**Task requirements:**
Set down exactly the lines in the records below that run from the line with "A \<longleftrightarrow> n" to the line with "1/3 \<or> 2/3", inclusive, and nothing more.

Records from a collection

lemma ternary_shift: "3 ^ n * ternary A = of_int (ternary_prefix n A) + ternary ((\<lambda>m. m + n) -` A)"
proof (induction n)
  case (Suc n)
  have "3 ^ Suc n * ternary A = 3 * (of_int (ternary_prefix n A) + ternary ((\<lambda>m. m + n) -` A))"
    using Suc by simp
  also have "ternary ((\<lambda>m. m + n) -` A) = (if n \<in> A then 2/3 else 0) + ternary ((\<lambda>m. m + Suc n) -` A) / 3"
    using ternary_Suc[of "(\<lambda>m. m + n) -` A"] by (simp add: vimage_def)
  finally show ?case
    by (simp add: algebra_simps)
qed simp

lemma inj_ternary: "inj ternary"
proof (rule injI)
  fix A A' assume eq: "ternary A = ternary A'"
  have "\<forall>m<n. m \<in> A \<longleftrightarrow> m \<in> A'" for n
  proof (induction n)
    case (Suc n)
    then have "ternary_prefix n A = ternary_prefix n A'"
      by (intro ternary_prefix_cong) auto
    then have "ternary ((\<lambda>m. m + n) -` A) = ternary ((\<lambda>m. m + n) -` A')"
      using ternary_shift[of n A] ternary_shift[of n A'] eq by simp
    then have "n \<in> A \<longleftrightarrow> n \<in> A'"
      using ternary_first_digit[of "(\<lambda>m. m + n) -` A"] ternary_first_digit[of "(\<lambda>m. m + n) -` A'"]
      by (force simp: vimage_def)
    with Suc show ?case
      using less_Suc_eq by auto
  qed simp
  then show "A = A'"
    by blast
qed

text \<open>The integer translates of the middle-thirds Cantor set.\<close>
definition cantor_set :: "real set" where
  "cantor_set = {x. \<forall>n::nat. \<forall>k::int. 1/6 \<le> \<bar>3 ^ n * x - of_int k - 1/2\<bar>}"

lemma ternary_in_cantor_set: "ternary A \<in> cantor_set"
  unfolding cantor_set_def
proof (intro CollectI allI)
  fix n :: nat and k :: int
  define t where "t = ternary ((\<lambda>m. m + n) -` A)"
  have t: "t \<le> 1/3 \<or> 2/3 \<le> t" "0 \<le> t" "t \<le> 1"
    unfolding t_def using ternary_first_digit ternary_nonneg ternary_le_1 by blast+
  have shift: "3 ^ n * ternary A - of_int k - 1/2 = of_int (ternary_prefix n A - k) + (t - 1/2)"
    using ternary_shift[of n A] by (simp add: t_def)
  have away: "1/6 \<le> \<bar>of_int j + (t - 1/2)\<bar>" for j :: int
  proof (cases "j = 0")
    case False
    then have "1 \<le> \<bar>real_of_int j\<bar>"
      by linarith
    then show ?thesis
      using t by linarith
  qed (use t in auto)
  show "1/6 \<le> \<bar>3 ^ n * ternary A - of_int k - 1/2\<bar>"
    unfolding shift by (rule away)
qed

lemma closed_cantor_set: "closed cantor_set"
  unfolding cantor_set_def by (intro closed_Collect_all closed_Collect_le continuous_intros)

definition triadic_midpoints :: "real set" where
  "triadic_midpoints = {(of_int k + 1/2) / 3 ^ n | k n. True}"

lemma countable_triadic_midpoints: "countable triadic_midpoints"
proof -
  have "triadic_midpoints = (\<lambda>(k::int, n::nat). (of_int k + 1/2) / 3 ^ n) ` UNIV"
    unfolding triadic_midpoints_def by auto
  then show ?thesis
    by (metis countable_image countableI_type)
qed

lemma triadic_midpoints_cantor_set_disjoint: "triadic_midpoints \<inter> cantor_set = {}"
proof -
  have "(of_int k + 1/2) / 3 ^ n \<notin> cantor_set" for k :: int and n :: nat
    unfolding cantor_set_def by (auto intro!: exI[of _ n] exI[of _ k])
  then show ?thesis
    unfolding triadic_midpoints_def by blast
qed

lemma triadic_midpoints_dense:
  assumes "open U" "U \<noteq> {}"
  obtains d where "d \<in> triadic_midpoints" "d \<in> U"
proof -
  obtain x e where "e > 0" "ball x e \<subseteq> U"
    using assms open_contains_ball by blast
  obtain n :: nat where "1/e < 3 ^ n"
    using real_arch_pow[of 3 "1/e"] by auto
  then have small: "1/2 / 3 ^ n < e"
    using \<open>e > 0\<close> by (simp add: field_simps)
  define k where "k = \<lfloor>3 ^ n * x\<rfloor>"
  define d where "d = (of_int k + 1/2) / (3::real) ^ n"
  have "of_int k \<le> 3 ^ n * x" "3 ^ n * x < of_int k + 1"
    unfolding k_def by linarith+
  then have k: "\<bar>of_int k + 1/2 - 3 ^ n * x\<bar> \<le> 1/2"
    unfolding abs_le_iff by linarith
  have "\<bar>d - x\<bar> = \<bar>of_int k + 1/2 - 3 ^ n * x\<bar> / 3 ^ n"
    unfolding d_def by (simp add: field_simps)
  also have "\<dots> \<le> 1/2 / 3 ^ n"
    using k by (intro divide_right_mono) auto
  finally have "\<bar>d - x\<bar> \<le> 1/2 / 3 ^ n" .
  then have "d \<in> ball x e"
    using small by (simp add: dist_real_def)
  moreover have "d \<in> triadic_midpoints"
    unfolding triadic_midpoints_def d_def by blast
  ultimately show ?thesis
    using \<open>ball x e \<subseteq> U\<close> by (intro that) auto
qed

**Answer to the problem:**
    then have "n \<in> A \<longleftrightarrow> n \<in> A'"
      using ternary_first_digit[of "(\<lambda>m. m + n) -` A"] ternary_first_digit[of "(\<lambda>m. m + n) -` A'"]
      by (force simp: vimage_def)
    with Suc show ?case
      using less_Suc_eq by auto
  qed simp
  then show "A = A'"
    by blast
qed

text \<open>The integer translates of the middle-thirds Cantor set.\<close>
definition cantor_set :: "real set" where
  "cantor_set = {x. \<forall>n::nat. \<forall>k::int. 1/6 \<le> \<bar>3 ^ n * x - of_int k - 1/2\<bar>}"

lemma ternary_in_cantor_set: "ternary A \<in> cantor_set"
  unfolding cantor_set_def
proof (intro CollectI allI)
  fix n :: nat and k :: int
  define t where "t = ternary ((\<lambda>m. m + n) -` A)"
  have t: "t \<le> 1/3 \<or> 2/3 \<le> t" "0 \<le> t" "t \<le> 1"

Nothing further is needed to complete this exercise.